ACTIVITY
Exactly as written, copy the lines of the data below from the first through the one containing "P w \<Longrightarrow>".

AVAILABLE RECORDS
'''
lemma is_rgw_snoc_iff:
  assumes "length w = n"
  shows "is_rgw (Suc n) (w @ [x]) \<longleftrightarrow>
    is_rgw n w \<and> 1 \<le> x \<and> (if n = 0 then x = 1 else x \<le> Max (set w) + 1)"
proof -
  have growth: "(\<forall>i. i + 1 < Suc n \<longrightarrow> (w @ [x]) ! (i + 1) \<le> Max (set (take (i + 1) (w @ [x]))) + 1)
    \<longleftrightarrow> (\<forall>i. i + 1 < n \<longrightarrow> w ! (i + 1) \<le> Max (set (take (i + 1) w)) + 1) \<and>
        (n > 0 \<longrightarrow> x \<le> Max (set w) + 1)"
  proof
    assume "\<forall>i. i + 1 < Suc n \<longrightarrow> (w @ [x]) ! (i + 1) \<le> Max (set (take (i + 1) (w @ [x]))) + 1"
    then have step: "(w @ [x]) ! (i + 1) \<le> Max (set (take (i + 1) (w @ [x]))) + 1"
      if "i + 1 \<le> n" for i
      using that by simp
    show "(\<forall>i. i + 1 < n \<longrightarrow> w ! (i + 1) \<le> Max (set (take (i + 1) w)) + 1) \<and>
        (n > 0 \<longrightarrow> x \<le> Max (set w) + 1)"
    proof (intro conjI allI impI)
      show "w ! (i + 1) \<le> Max (set (take (i + 1) w)) + 1" if "i + 1 < n" for i
        using step[of i] that assms by (simp add: nth_append)
      show "x \<le> Max (set w) + 1" if "n > 0"
        using step[of "n - 1"] that assms by (simp add: nth_append)
    qed
  qed (use assms in \<open>auto simp: nth_append less_Suc_eq\<close>)
  show ?thesis
    using assms unfolding is_rgw_def growth by (cases n) (auto simp: nth_append)
qed

lemma is_rgw_induct [consumes 2, case_names one snoc]:
  assumes "is_rgw n w" "n \<ge> 1"
    and one: "P [1]"
    and snoc: "\<And>w x n. is_rgw n w \<Longrightarrow> n \<ge> 1 \<Longrightarrow> P w \<Longrightarrow>
      1 \<le> x \<Longrightarrow> x \<le> Max (set w) + 1 \<Longrightarrow> P (w @ [x])"
  shows "P w"
  using assms(1,2)
proof (induction n arbitrary: w)
  case (Suc n)
  then obtain v x where w: "w = v @ [x]" and v: "length v = n"
    by (metis is_rgw_length length_Suc_conv_rev)
  show ?case
    using Suc.prems Suc.IH[of v] one snoc[of n v x] v
    unfolding w is_rgw_snoc_iff[OF v] by (cases n) auto
qed simp

lemma is_rgw_1_iff: "is_rgw 1 w \<longleftrightarrow> w = [1]"
  using is_rgw_snoc_iff[of "[]" 0] by (cases w rule: rev_cases) (auto simp: is_rgw_def)

lemma rgw_ne_Nil: "is_rgw n w \<Longrightarrow> n \<ge> 1 \<Longrightarrow> w \<noteq> []"
  using is_rgw_length by fastforce

lemma Max_set_snoc: "w \<noteq> [] \<Longrightarrow> Max (set (w @ [x])) = max (Max (set w)) x"
  by (simp add: max.commute)

lemma set_rgw: "is_rgw n w \<Longrightarrow> n \<ge> 1 \<Longrightarrow> set w = {1..Max (set w)}"
proof (induction rule: is_rgw_induct)
  case (snoc w x n)
  define M where "M = Max (set w)"
  have "set (w @ [x]) = {1..max M x}"
    using snoc unfolding M_def[symmetric] by auto
  moreover have "Max (set (w @ [x])) = max M x"
    unfolding M_def using Max_set_snoc rgw_ne_Nil snoc.hyps by blast
  ultimately show ?case
    by (simp only:)
qed simp

lemma one_in_set_rgw: "is_rgw n w \<Longrightarrow> n \<ge> 1 \<Longrightarrow> 1 \<in> set w"
  by (induction rule: is_rgw_induct) auto

lemma in_set_rgw_iff: "is_rgw n w \<Longrightarrow> n \<ge> 1 \<Longrightarrow> x \<in> set w \<longleftrightarrow> 1 \<le> x \<and> x \<le> Max (set w)"
  using set_rgw by fastforce

lemma rgw_first_occurrence:
  "is_rgw n w \<Longrightarrow> n \<ge> 1 \<Longrightarrow> x < y \<Longrightarrow> x \<in> set w \<Longrightarrow> subseq (y # s) w \<Longrightarrow> subseq (x # y # s) w"
proof (induction arbitrary: x y s rule: is_rgw_induct)
  case (snoc w z n)
  have y: "y \<in> set (w @ [z])"
    using snoc.prems(3) by (auto dest: list_emb_set)
  have x: "x \<in> set w"
  proof (rule ccontr)
    assume x: "x \<notin> set w"
    then have "x = z" "y \<in> set w"
      using snoc.prems(1,2) y by auto
    then have "1 \<le> x" "y \<le> Max (set w)"
      using snoc.hyps(3) by simp_all
    with x snoc.prems(1) show False
      using in_set_rgw_iff[OF snoc.hyps(1,2), of x] by linarith
  qed
  from snoc.prems(3) consider "subseq (y # s) w" | s' where "y # s = s' @ [z]" "subseq s' w"
    by (auto simp: subseq_snoc_iff)
  then show ?case
  proof cases
    case 1
    then show ?thesis using snoc.IH[OF snoc.prems(1) x] by (auto simp: subseq_snoc_iff)
  next
    case (2 s')
    show ?thesis
    proof (cases s')
      case Nil
      with 2 x show ?thesis by (auto simp: subseq_snoc_iff subseq_singleton_left)
    next
      case (Cons y' s'')
      with 2 snoc.IH[OF snoc.prems(1) x, of s''] show ?thesis
        by (auto simp: subseq_snoc_iff)
    qed
  qed
qed simp

lemma rgw_subseq_x_b_b_iff:
  assumes w: "is_rgw n w" "n \<ge> 1" and x: "1 \<le> x"
  shows "(\<exists>b. x < b \<and> subseq [x,b,b] w) \<longleftrightarrow> (\<exists>b > x. subseq [b,b] w)"
proof
  assume "\<exists>b. x < b \<and> subseq [x,b,b] w"
  then obtain b where "x < b" "subseq [x,b,b] w" by blast
  then show "\<exists>b > x. subseq [b,b] w"
    using subseq_Cons'[of x "[b,b]" w] by blast
next
  assume "\<exists>b > x. subseq [b,b] w"
  then obtain b where b: "x < b" "subseq [b,b] w" by blast
  then have "b \<in> set w"
    using set_mono_subseq by fastforce
  with b(1) x have "x \<in> set w"
    unfolding in_set_rgw_iff[OF w] by simp
  with b show "\<exists>b. x < b \<and> subseq [x,b,b] w"
    using rgw_first_occurrence[OF w b(1)] by blast
qed

lemma rgw_subseq_a_b_b_iff:
  assumes w: "is_rgw n w" "n \<ge> 1"
  shows "(\<exists>a b. a < b \<and> b < x \<and> subseq [a,b,b] w) \<longleftrightarrow> (\<exists>b. 1 < b \<and> b < x \<and> subseq [b,b] w)"
proof
  assume "\<exists>a b. a < b \<and> b < x \<and> subseq [a,b,b] w"
  then obtain a b where ab: "a < b" "b < x" "subseq [a,b,b] w" by blast
  then have "a \<in> set w"
    using set_mono_subseq by fastforce
  then have "1 < b"
    using ab(1) unfolding in_set_rgw_iff[OF w] by simp
  with ab show "\<exists>b. 1 < b \<and> b < x \<and> subseq [b,b] w"
    using subseq_Cons'[of a "[b,b]" w] by blast
next
  assume "\<exists>b. 1 < b \<and> b < x \<and> subseq [b,b] w"
  then obtain b where b: "1 < b" "b < x" "subseq [b,b] w" by blast
  then have "subseq [1,b,b] w"
    using rgw_first_occurrence[OF w b(1) one_in_set_rgw[OF w]] by blast
  with b show "\<exists>a b. a < b \<and> b < x \<and> subseq [a,b,b] w"
    by blast
qed

lemma rgw_subseq_a_x_c_iff:
  assumes w: "is_rgw n w" "n \<ge> 1"
  shows "(\<exists>a c. a < x \<and> x < c \<and> subseq [a,x,c] w) \<longleftrightarrow> 1 < x \<and> x < Max (set w)"
proof
  assume "\<exists>a c. a < x \<and> x < c \<and> subseq [a,x,c] w"
  then obtain a c where ac: "a < x" "x < c" "subseq [a,x,c] w" by blast
  then have "a \<in> set w" "c \<in> set w"
    using set_mono_subseq by fastforce+
  with ac show "1 < x \<and> x < Max (set w)"
    unfolding in_set_rgw_iff[OF w] by simp
next
  assume x: "1 < x \<and> x < Max (set w)"
  then have "x \<in> set w" "subseq [Max (set w)] w"
    unfolding subseq_singleton_left in_set_rgw_iff[OF w] by simp_all
  with x have "subseq [x, Max (set w)] w"
    using rgw_first_occurrence[OF w, of x "Max (set w)" "[]"] by blast
  with x have "subseq [1, x, Max (set w)] w"
    using rgw_first_occurrence[OF w _ one_in_set_rgw[OF w], of x] by blast
  with x show "\<exists>a c. a < x \<and> x < c \<and> subseq [a,x,c] w"
    by blast
qed

lemma Max_rgw_le_length: "is_rgw n w \<Longrightarrow> n \<ge> 1 \<Longrightarrow> Max (set w) \<le> length w"
proof (induction rule: is_rgw_induct)
  case (snoc w x n)
  have "Max (set (w @ [x])) = max (Max (set w)) x"
    using Max_set_snoc rgw_ne_Nil snoc.hyps by blast
  with snoc show ?case
    by simp
qed simp

lemma finite_rgw: "finite {w. is_rgw n w}"
proof (rule finite_subset)
  have "set w \<subseteq> {1..n}" if "is_rgw n w" for w
  proof (cases "n = 0")
    case False
    then show ?thesis
      using that set_rgw Max_rgw_le_length is_rgw_length by fastforce
  qed (use that is_rgw_length in auto)
  then show "{w. is_rgw n w} \<subseteq> {w. set w \<subseteq> {1..n} \<and> length w = n}"
    using is_rgw_length by blast
qed (rule finite_lists_length_eq, simp)

section \<open>Growing avoiders letter by letter\<close>

definition repeats :: "nat list \<Rightarrow> bool" where
  "repeats w \<longleftrightarrow> (\<exists>b > 1. subseq [b, b] w)"

lemma repeats_snoc_iff: "repeats (w @ [x]) \<longleftrightarrow> repeats w \<or> (1 < x \<and> x \<in> set w)"
  by (auto simp: repeats_def subseq_snoc_iff subseq_singleton_left)

definition avoiders :: "nat \<Rightarrow> nat list set \<Rightarrow> nat list set" where
  "avoiders n T = {w. is_rgw n w \<and> (\<forall>p\<in>T. \<not> contains w p)}"

lemma finite_avoiders: "finite (avoiders n T)"
  by (rule finite_subset[OF _ finite_rgw]) (auto simp: avoiders_def)

lemma avoiders_1:
  assumes "\<And>p. p \<in> T \<Longrightarrow> 2 \<le> length p"
  shows "avoiders 1 T = {[1]}"
proof -
  have "\<not> contains [1] p" if "p \<in> T" for p
    using assms[OF that] contains_length_le[of "[1]" p] by auto
  then show ?thesis
    unfolding avoiders_def is_rgw_1_iff by auto
qed

lemma Max_avoiders_ge_1: "n \<ge> 1 \<Longrightarrow> w \<in> avoiders n T \<Longrightarrow> 1 \<le> Max (set w)"
  using one_in_set_rgw in_set_rgw_iff by (auto simp: avoiders_def)

lemma Max_set_avoiders_snoc:
  assumes "n \<ge> 1" "w \<in> avoiders n T"
  shows "Max (set (w @ [x])) = max (Max (set w)) x"
  using assms rgw_ne_Nil Max_set_snoc by (auto simp: avoiders_def)

text \<open>Non-repeating avoiders can always be continued by 1 and by a new maximum, and by no other
  letter without creating a repetition; this is all the shared counts below use about F.\<close>

locale letter_extensions =
  fixes T :: "nat list set" and F :: "nat list \<Rightarrow> nat set"
  assumes patterns_length: "p \<in> T \<Longrightarrow> 2 \<le> length p"
    and extension_iff: "n \<ge> 1 \<Longrightarrow> w \<in> avoiders n T \<Longrightarrow> 1 \<le> x \<Longrightarrow> x \<le> Max (set w) + 1 \<Longrightarrow>
      (\<forall>p\<in>T. \<not> contains (w @ [x]) p) \<longleftrightarrow> x \<in> F w"
    and extensions_bounded: "n \<ge> 1 \<Longrightarrow> w \<in> avoiders n T \<Longrightarrow> F w \<subseteq> {1..Max (set w) + 1}"
    and nonrepeating_extensions: "n \<ge> 1 \<Longrightarrow> w \<in> avoiders n T \<Longrightarrow> \<not> repeats w \<Longrightarrow>
      {1, Max (set w) + 1} \<subseteq> F w"
begin

abbreviation repeating :: "nat \<Rightarrow> nat list set" where
  "repeating n \<equiv> {w \<in> avoiders n T. repeats w}"

abbreviation nonrepeating :: "nat \<Rightarrow> nat list set" where
  "nonrepeating n \<equiv> {w \<in> avoiders n T. \<not> repeats w}"

lemma avoiders_Suc:
  assumes n: "n \<ge> 1"
  shows "avoiders (Suc n) T = (\<Union>w\<in>avoiders n T. (\<lambda>x. w @ [x]) ` F w)"
proof (intro equalityI subsetI)
  fix v assume v: "v \<in> avoiders (Suc n) T"
  then have "length v = Suc n"
    by (simp add: avoiders_def is_rgw_length)
  then obtain w x where vw: "v = w @ [x]" and w: "length w = n"
    by (metis length_Suc_conv_rev)
  have "is_rgw n w" "1 \<le> x" "x \<le> Max (set w) + 1"
    using v n is_rgw_snoc_iff[OF w, of x] unfolding vw avoiders_def by auto
  moreover have "\<forall>p\<in>T. \<not> contains w p" "\<forall>p\<in>T. \<not> contains (w @ [x]) p"
    using v contains_snocI unfolding vw avoiders_def by blast+
  ultimately have "w \<in> avoiders n T" "x \<in> F w"
    using extension_iff[OF n, of w x] by (simp_all add: avoiders_def)
  then show "v \<in> (\<Union>w\<in>avoiders n T. (\<lambda>x. w @ [x]) ` F w)"
    unfolding vw by blast
next
  fix v assume "v \<in> (\<Union>w\<in>avoiders n T. (\<lambda>x. w @ [x]) ` F w)"
  then obtain w x where vw: "v = w @ [x]" and w: "w \<in> avoiders n T" and x: "x \<in> F w"
    by blast
  have "1 \<le> x" "x \<le> Max (set w) + 1"
    using extensions_bounded[OF n w] x by auto
  moreover have "is_rgw n w"
    using w by (simp add: avoiders_def)
  ultimately have "is_rgw (Suc n) v"
    using is_rgw_snoc_iff[OF is_rgw_length, of n w x] n unfolding vw by simp
  moreover have "\<forall>p\<in>T. \<not> contains v p"
    using extension_iff[OF n w \<open>1 \<le> x\<close> \<open>x \<le> Max (set w) + 1\<close>] x unfolding vw by blast
  ultimately show "v \<in> avoiders (Suc n) T"
    by (simp add: avoiders_def)
qed

lemma finite_extensions: "n \<ge> 1 \<Longrightarrow> w \<in> avoiders n T \<Longrightarrow> finite (F w)"
  using extensions_bounded finite_subset by blast

lemma card_repeating_avoiders_Suc:
  assumes "n \<ge> 1"
  shows "card (repeating (Suc n)) = (\<Sum>w\<in>avoiders n T. card {x \<in> F w. repeats (w @ [x])})"
proof -
  let ?R = "\<lambda>w. {x \<in> F w. repeats (w @ [x])}"
  have "repeating (Suc n) = (\<Union>w\<in>avoiders n T. (\<lambda>x. w @ [x]) ` ?R w)"
    unfolding avoiders_Suc[OF assms] by blast
  then have "card (repeating (Suc n)) = (\<Sum>v\<in>(\<Union>w\<in>avoiders n T. (\<lambda>x. w @ [x]) ` ?R w). 1)"
    by (simp only: card_eq_sum)
  also have "\<dots> = (\<Sum>w\<in>avoiders n T. \<Sum>x\<in>?R w. 1)"
    by (rule sum_UN_snoc) (use finite_avoiders finite_extensions[OF assms] in auto)
  finally show ?thesis
    by (simp only: card_eq_sum)
qed

lemma nonrepeating_avoiders_Suc:
  assumes n: "n \<ge> 1"
  shows "nonrepeating (Suc n) =
    (\<Union>w\<in>nonrepeating n. (\<lambda>x. w @ [x]) ` {1, Max (set w) + 1})"
proof -
  have snoc_iff: "\<not> repeats (w @ [x]) \<longleftrightarrow> \<not> repeats w \<and> x \<in> {1, Max (set w) + 1}"
    if w: "w \<in> avoiders n T" and x: "x \<in> F w" for w x
  proof -
    have "is_rgw n w" "1 \<le> x" "x \<le> Max (set w) + 1"
      using w extensions_bounded[OF n w] x by (auto simp: avoiders_def)
    then show ?thesis
      using in_set_rgw_iff[OF \<open>is_rgw n w\<close> n, of x] by (auto simp: repeats_snoc_iff)
  qed
  show ?thesis
    unfolding avoiders_Suc[OF n]
    using snoc_iff nonrepeating_extensions[OF n] by blast
qed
'''
SOLUTION FOR THIS PROBLEM
lemma is_rgw_snoc_iff:
  assumes "length w = n"
  shows "is_rgw (Suc n) (w @ [x]) \<longleftrightarrow>
    is_rgw n w \<and> 1 \<le> x \<and> (if n = 0 then x = 1 else x \<le> Max (set w) + 1)"
proof -
  have growth: "(\<forall>i. i + 1 < Suc n \<longrightarrow> (w @ [x]) ! (i + 1) \<le> Max (set (take (i + 1) (w @ [x]))) + 1)
    \<longleftrightarrow> (\<forall>i. i + 1 < n \<longrightarrow> w ! (i + 1) \<le> Max (set (take (i + 1) w)) + 1) \<and>
        (n > 0 \<longrightarrow> x \<le> Max (set w) + 1)"
  proof
    assume "\<forall>i. i + 1 < Suc n \<longrightarrow> (w @ [x]) ! (i + 1) \<le> Max (set (take (i + 1) (w @ [x]))) + 1"
    then have step: "(w @ [x]) ! (i + 1) \<le> Max (set (take (i + 1) (w @ [x]))) + 1"
      if "i + 1 \<le> n" for i
      using that by simp
    show "(\<forall>i. i + 1 < n \<longrightarrow> w ! (i + 1) \<le> Max (set (take (i + 1) w)) + 1) \<and>
        (n > 0 \<longrightarrow> x \<le> Max (set w) + 1)"
    proof (intro conjI allI impI)
      show "w ! (i + 1) \<le> Max (set (take (i + 1) w)) + 1" if "i + 1 < n" for i
        using step[of i] that assms by (simp add: nth_append)
      show "x \<le> Max (set w) + 1" if "n > 0"
        using step[of "n - 1"] that assms by (simp add: nth_append)
    qed
  qed (use assms in \<open>auto simp: nth_append less_Suc_eq\<close>)
  show ?thesis
    using assms unfolding is_rgw_def growth by (cases n) (auto simp: nth_append)
qed

lemma is_rgw_induct [consumes 2, case_names one snoc]:
  assumes "is_rgw n w" "n \<ge> 1"
    and one: "P [1]"
    and snoc: "\<And>w x n. is_rgw n w \<Longrightarrow> n \<ge> 1 \<Longrightarrow> P w \<Longrightarrow>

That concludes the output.